- Opening Delimiter -

(* Let $E^2$ denote the Stokes operator in cardioid coordinates $(\mu,\nu,\varphi)$, acting on functions $\psi(\mu,\nu)$ with $\mu,\nu>0$, by $$E^2\psi=(\mu^2+\nu^2)^3\left[\frac{\partial^2\psi}{\partial \mu^2}+\frac{3\mu^2-\nu^2}{\mu(\mu^2+\nu^2)}\frac{\partial\psi}{\partial \mu}+\frac{3\nu^2-\mu^2}{\nu(\mu^2+\nu^2)}\frac{\partial\psi}{\partial \nu}+\frac{\partial^2\psi}{\partial \nu^2}\right].$$ Then the equation $E^2\psi=0$ $R$-separates variables with $R(\mu,\nu)=\sqrt{2}(\mu^2+\nu^2)$: for twice differentiable, nowhere vanishing $M$ and $N$, the function $\psi(\mu,\nu)=\frac{1}{\sqrt2(\mu^2+\nu^2)}M(\mu)N(\nu)$ satisfies $E^2\psi=0$ if and only if there is a constant $\lambda$ with $$\frac{M''}{M}-\frac{1}{\mu}\frac{M'}{M}=\lambda=-\frac{N''}{N}+\frac{1}{\nu}\frac{N'}{N}.$$ Moreover, for $\lambda=n^2>0$ the solutions are exactly $$M(\mu)=c_1\mu I_1(n\mu)+c_2\mu K_1(n\mu),\qquad N(\nu)=c_3\nu J_1(n\nu)+c_4\nu Y_1(n\nu),$$ with arbitrary constants $c_1,\dots,c_4$; in particular every function $\psi(\mu,\nu)=\frac{1}{\mu^2+\nu^2}\big[c_1\mu I_1(n\mu)+c_2\mu K_1(n\mu)\big]\big[c_3\nu J_1(n\nu)+c_4\nu Y_1(n\nu)\big]$ with $n>0$ satisfies $E^2\psi=0$.
   Context: Cardioid coordinates $(\mu,\nu,\varphi)$, $\mu,\nu\ge0$, $\varphi\in[0,2\pi)$, are given by $x=\frac{\mu\nu\cos\varphi}{(\mu^2+\nu^2)^2}$, $y=\frac{\mu\nu\sin\varphi}{(\mu^2+\nu^2)^2}$, $z=\frac{\mu^2-\nu^2}{2(\mu^2+\nu^2)^2}$. For a rotational coordinate system $x=\rho(q_1,q_2)\cos\varphi$, $y=\rho(q_1,q_2)\sin\varphi$, $z=z(q_1,q_2)$, with $h_i=\big((\partial_{q_i}\rho)^2+(\partial_{q_i}z)^2\big)^{-1/2}$ and $\varpi=|\rho|$, the Stokes operator is $E^2=h_1h_2\varpi\big[\partial_{q_1}\big(\tfrac{h_1}{h_2\varpi}\partial_{q_1}\big)+\partial_{q_2}\big(\tfrac{h_2}{h_1\varpi}\partial_{q_2}\big)\big]$; in cardioid coordinates this is the displayed formula. $J_1,Y_1$ are the Bessel functions of order one of the first and second kind, and $I_1,K_1$ the modified Bessel functions of order one of the first and second kind. *)

theory Defs
  imports "HOL-Analysis.Analysis"
begin

text \<open>Bessel functions of order one (real argument, intended for x > 0), via their
standard power series (DLMF 10.2.2, 10.8.1, 10.25.2, 10.31.1 with n = 1).\<close>

definition besselJ1 :: "real \<Rightarrow> real" where
  "besselJ1 x = (\<Sum>k. (-1)^k / (fact k * fact (k+1)) * (x/2)^(2*k+1))"
(* Let $n,k\ge 1$ be integers, let $\mathcal{D}$ be a set, and let $h_1,\dots,h_k:\mathcal{D}\to\{0,1\}$ be indicator functions such that $\sum_{j=1}^k h_j(d)=1$ for all $d\in\mathcal{D}$ (so each data point belongs to exactly one class). Let $\alpha\in(0,\frac1k]$ and let $X=(D_1,\dots,D_n)$ be a random database whose entries $D_1,\dots,D_n$ are independent (not necessarily identically distributed) and satisfy $P_{D_i}(\{d\in\mathcal{D}: h_j(d)=1\})\ge\alpha$ for all $i\in[n]$ and $j\in[k]$. Let $b>0$ and let $N_1,\dots,N_k$ be i.i.d. Laplace random variables with mean $0$ and scale $b$ (density $\frac{1}{2b}e^{-|t|/b}$), independent of $X$. Define the output $Y^k=(Y_1,\dots,Y_k)$ by $$Y_j=\sum_{i=1}^n h_j(D_i)+N_j,\qquad j\in[k].$$ Then for every $i\in[n]$ and every $y^k\in\mathbb{R}^k$, $$\ell(D_i\to y^k)\le \frac{2}{b}-\log\Big(1-\alpha+\alpha\exp\big(\tfrac{2}{b}\big)\Big),$$ where $\ell(D_i\to y^k)=\log\sup_{d\in\mathcal{D}}\frac{M_{Y\mid D_i}(y^k\mid d)}{M_Y(y^k)}$, with $M_{Y\mid D_i}(\cdot\mid d)$ the conditional density of $Y^k$ given $D_i=d$ and $M_Y$ the marginal density of $Y^k$.
   Context: $\log$ denotes the natural logarithm and $[n]=\{1,\dots,n\}$. The quantity $\ell(D_i\to y^k)$ is the pointwise maximal leakage from the $i$-th record $D_i$ to the outcome $y^k$ of the mechanism; the densities involved are with respect to Lebesgue measure on $\mathbb{R}^k$, with the randomness of the other records $D_{i'}$, $i'\ne i$, and of the noise integrated out. *)

theory Defs
  imports "HOL-Probability.Probability"
begin

definition laplace_density :: "real \<Rightarrow> real \<Rightarrow> real" where
  "laplace_density b t = exp (- \<bar>t\<bar> / b) / (2 * b)"

text \<open>Conditional density of the output Y^k = (Y_1,...,Y_k) at y given D_i = d:
  the other records (independent, D_i' distributed as M i') and the i.i.d. Laplace
  noise are integrated out.\<close>
definition cond_density ::
  "nat \<Rightarrow> nat \<Rightarrow> (nat \<Rightarrow> 'd measure) \<Rightarrow> (nat \<Rightarrow> 'd \<Rightarrow> real) \<Rightarrow> real
    \<Rightarrow> nat \<Rightarrow> (nat \<Rightarrow> real) \<Rightarrow> 'd \<Rightarrow> real" where
  "cond_density n k M h b i y d =
     (\<integral>x. (\<Prod>j\<in>{1..k}. laplace_density b
              (y j - (h j d + (\<Sum>i'\<in>{1..n} - {i}. h j (x i')))))
        \<partial>(PiM ({1..n} - {i}) M))"

definition marginal_density ::
  "nat \<Rightarrow> nat \<Rightarrow> (nat \<Rightarrow> 'd measure) \<Rightarrow> (nat \<Rightarrow> 'd \<Rightarrow> real) \<Rightarrow> real
    \<Rightarrow> (nat \<Rightarrow> real) \<Rightarrow> real" where
  "marginal_density n k M h b y =
     (\<integral>x. (\<Prod>j\<in>{1..k}. laplace_density b (y j - (\<Sum>i'\<in>{1..n}. h j (x i'))))
        \<partial>(PiM {1..n} M))"

definition pml_leakage ::
  "nat \<Rightarrow> nat \<Rightarrow> (nat \<Rightarrow> 'd measure) \<Rightarrow> (nat \<Rightarrow> 'd \<Rightarrow> real) \<Rightarrow> real
    \<Rightarrow> 'd set \<Rightarrow> nat \<Rightarrow> (nat \<Rightarrow> real) \<Rightarrow> real" where
  "pml_leakage n k M h b D i y =
     ln (SUP d\<in>D. cond_density n k M h b i y d / marginal_density n k M h b y)"

end

theory Submission
  imports Defs
begin

text \<open>Integrating out the i-th record writes the marginal density at y as the mean, under the law
  of D_i, of the likelihood of y given D_i = z and the other records. Fix d. Replacing d by
  any z moves the vector of class counts by at most 2 in l1-norm, so the Laplace likelihood
  drops by at most the factor exp (-2/b); if z lies in the class of d, the counts and hence the
  likelihood do not change at all. As that class has probability at least \<alpha>, the marginal
  density is at least c = exp (-2/b) + (1 - exp (-2/b)) \<alpha> times the conditional density at d,
  and ln (1/c) is the claimed bound.\<close>

lemma laplace_density_pos: "b > 0 \<Longrightarrow> laplace_density b t > 0"
  unfolding laplace_density_def by simp

lemma laplace_density_le: "b > 0 \<Longrightarrow> laplace_density b t \<le> 1 / (2 * b)"
  unfolding laplace_density_def by (simp add: divide_right_mono)

lemma borel_measurable_laplace_density [measurable]:
  "laplace_density b \<in> borel_measurable borel"
  unfolding laplace_density_def by measurable
(* Suppose $\|\tau_l-\tau_i\|_\infty\ge B$ for all $l\neq i$, and $\mathbb{E}[S^z(0)]>0$. For $l\in\{1,\dots,N\}$ let $\mathrm{SNR}_y(\tau_l)=\|a_l\|^2/(\sigma^2B^d)$ where $\sigma^2=\mathbb{E}[z(t)^2]$, and $\mathrm{SNR}_{S^y}(\tau_l)=S^x(\tau_l)/\mathbb{E}[S^z(\tau_l)]$. Then $\mathrm{SNR}_{S^y}(\tau_l)=\gamma\cdot\mathrm{SNR}_y(\tau_l)$ for some $\gamma\ge1$ (not depending on $l$).
   Context: $C(t_0,\ell)=\{t\in\mathbb{R}^d:\|t-t_0\|_\infty<\ell/2\}$. Functions $\psi_1,\dots,\psi_M\in C^\infty(\mathbb{R}^d)$ are supported in $C(0,B)$ and orthonormal in $L^2(C(0,B))$. $x(t)=\sum_{i=1}^N\sum_{j=1}^M a_{ij}\psi_j(t-\tau_i)$, $a_i=(a_{i1},\dots,a_{iM})$. $z$ is a centered Gaussian stationary process on $\mathbb{R}^d$ with continuous sample paths. $\tilde\psi_j(t)=\psi_j(-t)$, $(f*\tilde\psi_j)(t)=\int_{\mathbb{R}^d} f(s)\psi_j(s-t)\,ds$, $S^f=\sum_{j=1}^M(f*\tilde\psi_j)^2$ for $f\in\{x,z\}$. *)

theory Defs
  imports "HOL-Probability.Probability"
begin

definition cube :: "real^'d \<Rightarrow> real \<Rightarrow> (real^'d) set" where
  "cube t0 l = {t. infnorm (t - t0) < l / 2}"

text \<open>C-infinity: f lies in a family of everywhere (Frechet) differentiable functions
  closed under taking partial derivatives; i.e. all iterated partials exist and are differentiable.\<close>
definition smooth_fun :: "(real^'d \<Rightarrow> real) \<Rightarrow> bool" where
  "smooth_fun f \<longleftrightarrow> (\<exists>S. f \<in> S \<and> (\<forall>g\<in>S. (\<forall>x. g differentiable (at x)) \<and>
       (\<forall>i. (\<lambda>x. frechet_derivative g (at x) (axis i 1)) \<in> S)))"

definition corr :: "(real^'d \<Rightarrow> real) \<Rightarrow> (real^'d \<Rightarrow> real) \<Rightarrow> real^'d \<Rightarrow> real" where
  "corr f \<psi> t = (LINT s|lborel. f s * \<psi> (s - t))"

definition Sfun :: "(nat \<Rightarrow> real^'d \<Rightarrow> real) \<Rightarrow> nat \<Rightarrow> (real^'d \<Rightarrow> real) \<Rightarrow> real^'d \<Rightarrow> real" where
  "Sfun \<psi> m f t = (\<Sum>j=1..m. (corr f (\<psi> j) t)\<^sup>2)"

definition centered_gaussian_rv :: "'w measure \<Rightarrow> ('w \<Rightarrow> real) \<Rightarrow> bool" where
  "centered_gaussian_rv M X \<longleftrightarrow> X \<in> borel_measurable M \<and>
     ((\<exists>\<sigma>>0. distributed M lborel X (\<lambda>x. ennreal (normal_density 0 \<sigma> x)))
      \<or> (AE \<omega> in M. X \<omega> = 0))"

definition centered_gaussian_process :: "'w measure \<Rightarrow> ('t \<Rightarrow> 'w \<Rightarrow> real) \<Rightarrow> bool" where
  "centered_gaussian_process M z \<longleftrightarrow>
     (\<forall>(n::nat) (ts::nat \<Rightarrow> 't) (c::nat \<Rightarrow> real).
        centered_gaussian_rv M (\<lambda>\<omega>. \<Sum>i<n. c i * z (ts i) \<omega>))"

definition stationary_process :: "'w measure \<Rightarrow> ('t::plus \<Rightarrow> 'w \<Rightarrow> real) \<Rightarrow> bool" where
  "stationary_process M z \<longleftrightarrow>
     (\<forall>(n::nat) (ts::nat \<Rightarrow> 't) h.
        distr M (PiM {..<n} (\<lambda>_. borel)) (\<lambda>\<omega>. \<lambda>i\<in>{..<n}. z (ts i + h) \<omega>)
      = distr M (PiM {..<n} (\<lambda>_. borel)) (\<lambda>\<omega>. \<lambda>i\<in>{..<n}. z (ts i) \<omega>))"

end

theory Submission
  imports Defs
begin

text \<open>
  The shifted windows \<open>\<psi>\<^sub>j(\<cdot> - \<tau>\<^sub>l)\<close> live in the cube \<open>C(\<tau>\<^sub>l, B)\<close>, and the cubes around
  distinct pulse locations are disjoint, so only the \<open>l\<close>-th pulse contributes to the correlations at
  \<open>\<tau>\<^sub>l\<close> and orthonormality gives \<open>S\<^sup>x(\<tau>\<^sub>l) = \<parallel>a\<^sub>l\<parallel>\<^sup>2\<close>.
  For the noise, Fubini turns \<open>E[S\<^sup>z(t)]\<close> into \<open>\<Sum>\<^sub>j \<integral>\<integral> \<psi>\<^sub>j(s) \<psi>\<^sub>j(s') E[z(s) z(s')]\<close>, which by stationarity
  does not depend on \<open>t\<close>; pathwise, Bessel's inequality on the cube bounds \<open>S\<^sup>z(0)\<close> by
  \<open>\<integral>\<^sub>C z\<^sup>2\<close>, whose expectation is \<open>\<sigma>\<^sup>2 B\<^sup>d\<close>. Hence \<open>\<gamma> = \<sigma>\<^sup>2 B\<^sup>d / E[S\<^sup>z(0)] \<ge> 1\<close> works for every \<open>l\<close>.
\<close>

section \<open>Cubes and integrability on \<open>\<real>\<^sup>d\<close>\<close>

lemma infnorm_less_iff_cart:
  fixes x :: "real^'n"
  shows "infnorm x < r \<longleftrightarrow> (\<forall>i. \<bar>x$i\<bar> < r)"
proof -
  have "infnorm x = Max (range (\<lambda>i. \<bar>x$i\<bar>))"
    unfolding infnorm_cart by (simp add: full_SetCompr_eq cSup_eq_Max)
  then show ?thesis by simp
qed

lemma cube_0_eq_box: "cube (0::real^'d) B = box (\<chi> i. - (B/2)) (\<chi> i. B/2)"
  unfolding cube_def set_eq_iff mem_Collect_eq diff_zero infnorm_less_iff_cart mem_box_cart
    vec_lambda_beta abs_less_iff by (meson minus_less_iff)

lemma cube_0_sets [measurable]: "cube (0::real^'d) B \<in> sets borel"
  by (simp add: cube_0_eq_box)

lemma bounded_cube_0: "bounded (cube (0::real^'d) B)"
  by (simp add: cube_0_eq_box)

lemma emeasure_cube_0:
  assumes "0 < B"
  shows "emeasure lborel (cube (0::real^'d) B) = ennreal (B ^ CARD('d))"
proof -
  have "emeasure lborel (cube (0::real^'d) B)
      = (\<Prod>b\<in>(Basis::(real^'d) set). ((\<chi> i. B/2) - (\<chi> i. - (B/2))) \<bullet> b)"
    unfolding cube_0_eq_box
    by (rule emeasure_lborel_box) (use assms in \<open>auto simp: Basis_vec_def inner_axis\<close>)
  also have "\<dots> = ennreal (\<Prod>b\<in>(Basis::(real^'d) set). B)"
    by (intro arg_cong[where f=ennreal] prod.cong refl) (auto simp: Basis_vec_def inner_axis)
  finally show ?thesis by simp
qed

lemma cube_translates_disjoint:
  fixes p q u :: "real^'d"
  assumes "B \<le> infnorm (p - q)" and "u - p \<in> cube 0 B"
  shows "u - q \<notin> cube 0 B"
proof
  assume "u - q \<in> cube 0 B"
  with assms(2) have "infnorm (u - q) < B/2" "infnorm (u - p) < B/2"
    by (auto simp: cube_def)
  moreover have "infnorm (p - q) \<le> infnorm (u - q) + infnorm (p - u)"
    using infnorm_triangle[of "u - q" "p - u"] by simp
  ultimately show False using assms(1) infnorm_sub[of p u] by linarith
qed

lemma smooth_fun_continuous:
  assumes "smooth_fun f"
  shows "continuous_on UNIV f"
proof -
  from assms obtain S where "f \<in> S" "\<forall>g\<in>S. \<forall>x. g differentiable (at x)"
    unfolding smooth_fun_def by blast
  then show ?thesis
    by (intro continuous_at_imp_continuous_on ballI differentiable_imp_continuous_within) auto
qed

lemma integrable_continuous_bounded_support:
  fixes f :: "real^'d \<Rightarrow> real"
  assumes "continuous_on UNIV f" and "bounded K" and "\<And>t. t \<notin> K \<Longrightarrow> f t = 0"
  shows "integrable lborel f"
proof -
  obtain r x0 where r: "K \<subseteq> cball x0 r"
    using \<open>bounded K\<close> bounded_subset_cball by blast
  have "integrable lborel (\<lambda>x. indicator (cball x0 r) x *\<^sub>R f x)"
    by (rule borel_integrable_compact) (auto intro: continuous_on_subset[OF assms(1)])
  moreover have "(\<lambda>x. indicator (cball x0 r) x *\<^sub>R f x) = f"
    using r assms(3) by (auto simp: fun_eq_iff indicator_def subset_iff)
  ultimately show ?thesis by simp
qed

lemma integrable_indicator_continuous:
  fixes f :: "real^'d \<Rightarrow> real"
  assumes "continuous_on UNIV f" and "bounded C" and "C \<in> sets borel"
  shows "integrable lborel (\<lambda>s. indicator C s * f s)"
proof -
  have "integrable lborel (\<lambda>x. indicator (closure C) x *\<^sub>R f x)"
    by (rule borel_integrable_compact)
      (auto intro: continuous_on_subset[OF assms(1)] simp: assms(2))
  then have "integrable lborel (\<lambda>x. indicator C x *\<^sub>R (indicator (closure C) x *\<^sub>R f x))"
    by (rule integrable_mult_indicator[OF assms(3)[folded sets_lborel]])
  moreover have "(\<lambda>x. indicator C x *\<^sub>R (indicator (closure C) x *\<^sub>R f x)) = (\<lambda>s. indicator C s * f s)"
    using closure_subset[of C] by (auto simp: fun_eq_iff indicator_def)
  ultimately show ?thesis by simp
qed

lemma lborel_integral_translate:
  fixes f :: "'a::euclidean_space \<Rightarrow> real"
  assumes "f \<in> borel_measurable borel"
  shows "(LINT s|lborel. f (s - c)) = (LINT s|lborel. f s)"
proof -
  have "(LINT s|lborel. f s) = (LINT s|distr lborel borel ((+) (- c)). f s)"
    by (simp add: lborel_distr_plus)
  also have "\<dots> = (LINT s|lborel. f (- c + s))"
    by (rule integral_distr) (use assms in auto)
  finally show ?thesis by simp
qed

lemma LIMSEQ_floor_mult_divide:
  fixes x :: real
  shows "(\<lambda>n. real_of_int \<lfloor>real (Suc n) * x\<rfloor> / real (Suc n)) \<longlonglongrightarrow> x"
proof (rule tendsto_sandwich[where f="\<lambda>n. x - 1 / real (Suc n)" and h="\<lambda>n. x"])
  have "(\<lambda>n. 1 / real (Suc n)) \<longlonglongrightarrow> 0"
    by (rule LIMSEQ_Suc[OF lim_const_over_n])
  then show "(\<lambda>n. x - 1 / real (Suc n)) \<longlonglongrightarrow> x"
    using tendsto_diff[of "\<lambda>_. x" x sequentially] by force
  show "\<forall>\<^sub>F n in sequentially. x - 1 / real (Suc n) \<le> real_of_int \<lfloor>real (Suc n) * x\<rfloor> / real (Suc n)"
  proof (intro always_eventually allI)
    fix n
    have "real (Suc n) * x - 1 \<le> real_of_int \<lfloor>real (Suc n) * x\<rfloor>" by linarith
    then have "(real (Suc n) * x - 1) / real (Suc n) \<le> real_of_int \<lfloor>real (Suc n) * x\<rfloor> / real (Suc n)"
      by (intro divide_right_mono) auto
    then show "x - 1 / real (Suc n) \<le> real_of_int \<lfloor>real (Suc n) * x\<rfloor> / real (Suc n)"
      by (simp add: diff_divide_distrib)
  qed
  show "\<forall>\<^sub>F n in sequentially. real_of_int \<lfloor>real (Suc n) * x\<rfloor> / real (Suc n) \<le> x"
  proof (intro always_eventually allI)
    fix n
    have "real_of_int \<lfloor>real (Suc n) * x\<rfloor> \<le> real (Suc n) * x" by linarith
    then show "real_of_int \<lfloor>real (Suc n) * x\<rfloor> / real (Suc n) \<le> x"
      by (simp add: field_simps)
  qed
qed simp

section \<open>Second moments of integrals of a process\<close>

text \<open>The process is the pointwise limit of its samples on the countable grids \<open>\<int>\<^sup>d / (n+1)\<close>.\<close>
lemma borel_measurable_continuous_paths:
  fixes z :: "real^'d \<Rightarrow> 'w \<Rightarrow> real"
  assumes measurable: "\<And>t. z t \<in> borel_measurable M"
    and continuous: "\<And>\<omega>. \<omega> \<in> space M \<Longrightarrow> continuous_on UNIV (\<lambda>t. z t \<omega>)"
  shows "(\<lambda>x. z (snd x) (fst x)) \<in> borel_measurable (M \<Otimes>\<^sub>M lborel)"
proof (rule borel_measurable_LIMSEQ_real)
  define k :: "nat \<Rightarrow> real^'d \<Rightarrow> int^'d" where "k n s = (\<chi> i. \<lfloor>real (Suc n) * s$i\<rfloor>)" for n s
  define p :: "nat \<Rightarrow> int^'d \<Rightarrow> real^'d" where "p n a = (\<chi> i. real_of_int (a$i) / real (Suc n))" for n a
  show "(\<lambda>x. z (p n (k n (snd x))) (fst x)) \<in> borel_measurable (M \<Otimes>\<^sub>M lborel)" for n
  proof (rule measurable_compose_countable[where f="\<lambda>a x. z (p n a) (fst x)"])
    show "(\<lambda>x. z (p n a) (fst x)) \<in> borel_measurable (M \<Otimes>\<^sub>M lborel)" for a
      using measurable by measurable
    have "k n \<in> borel \<rightarrow>\<^sub>M count_space UNIV"
    proof (subst measurable_count_space_eq2_countable, safe)
      fix a :: "int^'d"
      have "k n -` {a} = {s. \<forall>i. \<lfloor>real (Suc n) * s$i\<rfloor> = a$i}"
        by (auto simp: k_def vec_eq_iff)
      moreover have "{s::real^'d. \<forall>i. \<lfloor>real (Suc n) * s$i\<rfloor> = a$i} \<in> sets borel"
        by measurable
      ultimately show "k n -` {a} \<inter> space borel \<in> sets borel" by simp
    qed auto
    then show "(\<lambda>x. k n (snd x)) \<in> M \<Otimes>\<^sub>M lborel \<rightarrow>\<^sub>M count_space UNIV"
      by measurable
  qed
  fix x :: "'w \<times> (real^'d)"
  assume "x \<in> space (M \<Otimes>\<^sub>M lborel)"
  then have "continuous_on UNIV (\<lambda>t. z t (fst x))"
    by (intro continuous) (auto simp: space_pair_measure)
  moreover have "(\<lambda>n. p n (k n (snd x))) \<longlonglongrightarrow> snd x"
    by (rule vec_tendstoI, unfold p_def k_def vec_lambda_beta, rule LIMSEQ_floor_mult_divide)
  ultimately show "(\<lambda>n. z (p n (k n (snd x))) (fst x)) \<longlonglongrightarrow> z (snd x) (fst x)"
    by (rule continuous_on_tendsto_compose) auto
qed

- Closing Delimiter -

What the task asks
In the entries above, find each line with the word "most" and return it.

Your solution
  any z moves the vector of class counts by at most 2 in l1-norm, so the Laplace likelihood
  drops by at most the factor exp (-2/b); if z lies in the class of d, the counts and hence the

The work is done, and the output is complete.